Uncle Yanco is a seventy-four year-old man with a small white handlebar mustache and a barrel chest squeezed into a bright pink sweater; his great claim to fame, and to Agnès’ previous attention, was being the subject of a 1947 profile by Henry Miller in Circle magazine. In one of her trademark self-reflexive gestures, Varda reenacts their first meeting on a Sausalito pier several times for the camera in as many languages, complete with slates and botched takes. In contrast to her harder-edged work of the late 60s and 70s, Uncle Yanco is a thoroughly sunny film (in every sense of that word), suffused with Californian bonhomie and Hellenic hedonism in equal measures. Though made at the height of the Direct Cinema movement in America, the film has a handcrafted artificiality, less like a live feed from a television news camera and more like a series of holiday snapshots laid side by side in a hand-stitched photo album.

More than just an Agnès Varda film about a relative, Uncle Yanco feels like a collaboration between the two artists. They share the voiceover track (the film was shot silent, with narration later overdubbed in French and, later, again into English) and both contribute visual ornamentation to the already spectacular Northern California seaside (Jean in the form of his pastel-hued Cubist-style mosaics, Agnès with her custom-made button badges and plastic heart-shaped transparencies). Indeed, they have a lot in common besides their bloodline, like broadly leftist political sentiments (anti-authoritarian, anti-war) and a strong, if slightly bemused, interest in the youth of America. (Yanco’s houseboat is frequently overrun with starry-eyed flower children, a situation he doesn’t seem to mind: “It seems that I am a point of reference, like a lighthouse,” he chuckles. Later, Agnès puts them to work as human mannequins, posing them with buttons emblazoned VIVA VARDA placed on unusual parts of their bodies.)

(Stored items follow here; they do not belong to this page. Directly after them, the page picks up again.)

(* One step of the reduction: if e^j[f] has order \<le> 2k for f of order k + 1, then
   subtracting a total derivative gives a Lagrangian of order k with the same
   Euler-Lagrange expressions. *)
lemma order_reduction_step:
  assumes f: "smooth_jet f" "dep m (Suc k) f" and EL: "\<forall>j\<in>{1..m}. dep m S (EL m j f)"
    and Sk: "S \<le> 2 * k"
  shows "\<exists>f'. smooth_jet f' \<and> dep m k f' \<and> (\<forall>j\<in>{1..m}. EL m j f' = EL m j f)"
proof -
  define a where "a p = f (zeroset (top_coords m (Suc k)) p)" for p
  define b where "b l = pd (W l (Suc k)) f" for l
  have Sk': "S < 2 * Suc k" using Sk by simp
  have a: "dep m k a" and b: "\<And>l. l \<in> {1..m} \<Longrightarrow> smooth_jet (b l) \<and> dep m k (b l)"
    using affine_in_top(1,2)[OF f EL Sk'] unfolding a_def[abs_def] b_def order_le_iff by auto
  have f_eq: "f p = a p + (\<Sum>l=1..m. p (W l (Suc k)) * b l p)" for p
    by (subst affine_in_top(3)[OF f EL Sk']) (simp add: a_def b_def mult.commute)
  have "pd (W i k) (b l) = pd (W l k) (b i)" if "i \<in> {1..m}" "l \<in> {1..m}" for i l
    unfolding b_def using top_coefficients_closed[OF f _ Sk] that EL b by (auto simp: b_def)
  then obtain B where B: "smooth_jet B" "dep m k B" "\<And>l. l \<in> {1..m} \<Longrightarrow> pd (W l k) B = b l"
    using poincare[of m b k] b by blast
  note DB = Dx_props[OF B(1,2)]
  define f' where "f' p = 1 * f p + (-1) * Dx m B p" for p
  have "smooth_jet f'" unfolding f'_def[abs_def] using f DB by (intro smooth_add smooth_mult) auto
  moreover have "EL m j f' = EL m j f" if "j \<in> {1..m}" for j
    unfolding f'_def[abs_def] EL_lin[OF f(1) DB(1) f(2) DB(2)] EL_Dx_zero[OF B(1,2) that] by simp
  moreover have "dep m k f'"
  proof -
    have "f' = (\<lambda>p. a p - Dx_low m k B p)"
      unfolding f'_def f_eq Dx_split_top[OF B(2)] using B(3) by (auto simp: fun_eq_iff)
    then show ?thesis using dep_diff[OF a dep_Dx_low[OF B(2)]] by simp
  qed
  ultimately show ?thesis by blast
qed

The two are also on the same page with regard to their extended family, which they both celebrate and keep their distance from: “In our family they thought that an artist was a sort of outsider, a sort of clown. A delinquent,” Jean recalls, and in Uncle Yanco they both play up their clownishness and affirm it as a way of life. Here, art is not an affront to family values but an expression of it. “Imaginary families, I love you!” Agnès exclaims halfway through the film (revising André Gide’s infamous “Families, I hate you” from Les Nourritures terrestres), and the whole effort is animated by a strange, half-embarrassed sense of familial piety. The reservations about family life that Varda had already expressed so painfully in earlier films like Le Bonheur are temporarily forgotten in favor of the comforts of a home away from home.

Finally, Agnès and Jean also share a taste for spontaneous philosophical pronouncement (as what self-respecting Greco-French intellectual doesn’t?), and in summarizing his aesthetic for the camera Uncle Yanco delivers a handful of doozies: “To the eye that’s pure, the world is transparent”; “Hell is doing what you don’t like”; “For me, color is ecstasy. And everything outside of ecstasy is vanity.” In a longer film this weakness for epigram might become grating, but at a mere 18 minutes Uncle Yanco never overstays its welcome, and serves equally well as a paean to the bohemian culture of greater San Francisco — “Holy City, City of Love,” as Jean, a connoisseur of celestial cities, calls it — as it does as a meditation on the consolations of family. Both are summed up by one of Uncle Yanco’s best bon mots, albeit one that the rest of his niece’s filmography can’t entirely support: “In the kingdom of God, there are no shadows. All is light.”